Applying Operant Conditioning:

• Define the behavior to be changed.


– Has to be concrete, with a precise goal and precise ways to reach it.
• Make a commitment to change
– Knowledge and commitment.
• Collect data about behavior
-important in decreasing behaviors to see progress
• Design a program of self control.
-long term and short term goals
-positive self-talk to encourage you
• Maintenance- making program a lasting one
– Specific dates for postchecks
– Plan a course of action

Education

• Behavior modification has been shown to improve education of children.


Teaching Machines and Computer instructions:
– Skinner developed teaching machine to help students learn. Today’s version is the
computer, helps with math drill and produce s better results.
• Choosing Effective Reinforcers
– The Premack principle: high-probability activity can be used to reinforce a low-
probability activity. Probability means likelihood of occurrence.

How does observational learning occur?

• We can acquire knowledge, skills, rules, strategies, beliefs and attitudes by observing
other people.
• Observational learning: Also called imitation or modeling. Learning by observing
and then imitating another person’s behavior.
• Eliminates trial and error learning. Takes less time than operant conditioning.
• Bandura described four processes in observational learning: attention, retention,
motor reproduction, and reinforcement.
– You must pay attention to be able to reproduce the action
– Retention means you have to store it in your memory so you can recall it
– Production means to imitate the model’s actions.
– Reinforcement is necessary to fully learn the action.

Purposive Behavior

• EC Tolman (1932) talked about the purposiveness of behavior. He thought that behavior
was mostly goal-oriented.
• Our behaviors aren’t just because they’ve been reinforced, but because it’s a means to
attain some goal that we keep in mind.

Expectancy Learning and Information

• Tolman went beyond Pavlov and Skinner to focus on cognitive mechanisms.


• Classical and operant conditioning occur and the organism starts to acquire certain
expectations.
• We get the expectancies from our experiences in the environment.
• Cognitive maps are one type of expectancy
– Organisms form cognitive maps that are made up of expectancies
– Mental representation of the structure of physical spaces.
– We all form cognitive maps of our locations on small and large scales.

Latent Learning

• Latent Learning is unreinforced learning that is not immediately reflected in behavior.


• Stored cognitively but not expressed in a behavior
• Shows itself in animals exploring their surroundings.
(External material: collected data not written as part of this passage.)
(* Let $\mathcal{M}_1,\mathcal{M}_2$ be two matroids on the same finite ground set $E$ with $m=|E|$, and let $\textsc{OPT}$ be a maximum-cardinality set independent in both. For a uniformly random order $\pi$ of $E$ and $f\in[0,1]$, let $T_f^\pi$ be the set selected by Greedy after processing the first $fm$ elements of $\pi$, and for $i\in\{1,2\}$ let $\Phi_i(T_f^\pi)=\mathrm{span}_i(T_f^\pi)\cap\textsc{OPT}$. If $0<f,\epsilon\le\frac12$ and $\mathbb{E}_\pi[|T_1^\pi|]\le\left(\frac12+\epsilon\right)|\textsc{OPT}|$, then $$\mathbb{E}_\pi\left[|\Phi_1(T_f^\pi)\cap\Phi_2(T_f^\pi)|\right]\le 2\epsilon|\textsc{OPT}|\quad\text{and}\quad \mathbb{E}_\pi\left[|\Phi_1(T_f^\pi)\cup\Phi_2(T_f^\pi)|\right]\ge\left(1-\frac{2\epsilon}{f}+2\epsilon\right)|\textsc{OPT}|,$$ and consequently $\mathbb{E}_\pi[|T_f^\pi|]/|\textsc{OPT}|\ge \frac12-\left(\frac1f-2\right)\epsilon$.
   Context: Greedy processes elements in order and adds an element whenever the current set together with it is independent in both $\mathcal{M}_1$ and $\mathcal{M}_2$. $\mathrm{span}_i(T)=\{e\in E:\mathrm{rank}_{\mathcal{M}_i}(T\cup\{e\})=\mathrm{rank}_{\mathcal{M}_i}(T)\}$. *)

theory Defs
  imports Complex_Main "HOL-Combinatorics.Multiset_Permutations"
begin

definition matroid :: "'a set \<Rightarrow> ('a set \<Rightarrow> bool) \<Rightarrow> bool" where
  "matroid E indep \<longleftrightarrow>
     finite E \<and>
     (\<forall>X. indep X \<longrightarrow> X \<subseteq> E) \<and>
     indep {} \<and>
     (\<forall>X Y. indep X \<and> Y \<subseteq> X \<longrightarrow> indep Y) \<and>
     (\<forall>X Y. indep X \<and> indep Y \<and> card X < card Y \<longrightarrow>
        (\<exists>e \<in> Y - X. indep (insert e X)))"

definition mrank :: "('a set \<Rightarrow> bool) \<Rightarrow> 'a set \<Rightarrow> nat" where
  "mrank indep X = Max (card ` {Y. Y \<subseteq> X \<and> indep Y})"

definition mspan :: "'a set \<Rightarrow> ('a set \<Rightarrow> bool) \<Rightarrow> 'a set \<Rightarrow> 'a set" where
  "mspan E indep T = {e \<in> E. mrank indep (insert e T) = mrank indep T}"

definition greedy :: "('a set \<Rightarrow> bool) \<Rightarrow> ('a set \<Rightarrow> bool) \<Rightarrow> 'a list \<Rightarrow> 'a set" where
  "greedy I1 I2 xs =
     foldl (\<lambda>T e. if I1 (insert e T) \<and> I2 (insert e T) then insert e T else T) {} xs"

definition greedy_at :: "('a set \<Rightarrow> bool) \<Rightarrow> ('a set \<Rightarrow> bool) \<Rightarrow> real \<Rightarrow> 'a list \<Rightarrow> 'a set" where
  "greedy_at I1 I2 f \<pi> = greedy I1 I2 (take (nat \<lceil>f * real (length \<pi>)\<rceil>) \<pi>)"

definition exp_order :: "'a set \<Rightarrow> ('a list \<Rightarrow> real) \<Rightarrow> real" where
  "exp_order E g = (\<Sum>\<pi>\<in>permutations_of_set E. g \<pi>) / real (card (permutations_of_set E))"

end

theory Submission
  imports Defs
begin

text \<open>Let \<open>T\<close> be Greedy's set after the first \<open>f m\<close> elements of the order and \<open>G\<close> its final
  set. Every element of OPT is spanned by \<open>G\<close> in one of the two matroids, and an independent set
  inside a span of \<open>G\<close> has at most \<open>|G|\<close> elements; hence at most \<open>2|G| - |OPT|\<close> elements of OPT
  are spanned by \<open>G\<close>, and a fortiori by \<open>T \<subseteq> G\<close>, in both matroids. An element \<open>e\<close> of OPT
  spanned by \<open>T\<close> in neither matroid cannot have been processed yet, and Greedy would have picked
  it at any of the first \<open>f m\<close> positions. Averaging over the position of \<open>e\<close> in the random order
  gives, in expectation, \<open>f |OPT - (\<Phi>\<^sub>1 \<union> \<Phi>\<^sub>2)| \<le> (1 - f) |OPT \<inter> T|\<close>, and
  \<open>OPT \<inter> T \<subseteq> \<Phi>\<^sub>1 \<inter> \<Phi>\<^sub>2\<close>.
  Together with \<open>|\<Phi>\<^sub>1 \<union> \<Phi>\<^sub>2| + |\<Phi>\<^sub>1 \<inter> \<Phi>\<^sub>2| \<le> 2|T|\<close> the three bounds follow by linear
  arithmetic.\<close>

section \<open>Matroids: rank and span\<close>

lemma matroid_finite: "matroid E I \<Longrightarrow> finite E"
  by (simp add: matroid_def)

lemma matroid_indep_subset: "matroid E I \<Longrightarrow> I X \<Longrightarrow> X \<subseteq> E"
  by (simp add: matroid_def)

lemma matroid_indep_empty: "matroid E I \<Longrightarrow> I {}"
  by (simp add: matroid_def)

lemma matroid_indep_mono: "matroid E I \<Longrightarrow> I X \<Longrightarrow> Y \<subseteq> X \<Longrightarrow> I Y"
  by (simp add: matroid_def)

lemma matroid_augment:
  "matroid E I \<Longrightarrow> I X \<Longrightarrow> I Y \<Longrightarrow> card X < card Y \<Longrightarrow> \<exists>e\<in>Y - X. I (insert e X)"
  by (simp add: matroid_def)

lemma matroid_indep_finite: "matroid E I \<Longrightarrow> I X \<Longrightarrow> finite X"
  by (meson matroid_finite matroid_indep_subset finite_subset)

lemma mrank_eqI:
  assumes "finite X" and "Y \<subseteq> X" and "I Y"
    and "\<And>Z. Z \<subseteq> X \<Longrightarrow> I Z \<Longrightarrow> card Z \<le> card Y"
  shows "mrank I X = card Y"
  unfolding mrank_def
proof (rule Max_eqI)
  show "finite (card ` {Y. Y \<subseteq> X \<and> I Y})" using assms(1) by simp
  show "card Y \<in> card ` {Y. Y \<subseteq> X \<and> I Y}" using assms(2,3) by blast
qed (use assms(4) in auto)

lemma mrank_indep:
  assumes "matroid E I" and "I T"
  shows "mrank I T = card T"
  using assms matroid_indep_finite by (intro mrank_eqI) (auto intro: card_mono)

lemma mrank_insert_dependent:
  assumes M: "matroid E I" and T: "I T" and dep: "\<not> I (insert e T)"
  shows "mrank I (insert e T) = card T"
proof (rule mrank_eqI)
  show "finite (insert e T)" using matroid_indep_finite[OF M T] by simp
  fix Z assume Z: "Z \<subseteq> insert e T" "I Z"
  show "card Z \<le> card T"
  proof (rule ccontr)
    assume "\<not> card Z \<le> card T"
    then obtain x where "x \<in> Z - T" "I (insert x T)"
      using matroid_augment[OF M T Z(2)] by auto
    with Z dep show False by auto
  qed
qed (use T in auto)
Might not benefit immediately, but
is beneficial for the future when it might be needed.

Insight Learning

• Insight Learning is a form of problem solving in which an organism gains sudden


insight into a problem’s solution.
• Think Kohler and Apes – stacking boxes.
Biological Constraints

• The structure of an organisms body allows for and prohibits certain kinds of learning
• Instinctive Drift: tendency of animals to revert to instinctive behavior that interferes
with learning.

Preparedness and Taste Aversion

• Preparedness is the species-specific biological predisposition to learn in certain ways


but no others.
• Another biological constraint to learning is taste aversion.
– If you get sick from something you tend to develop a taste aversion to it.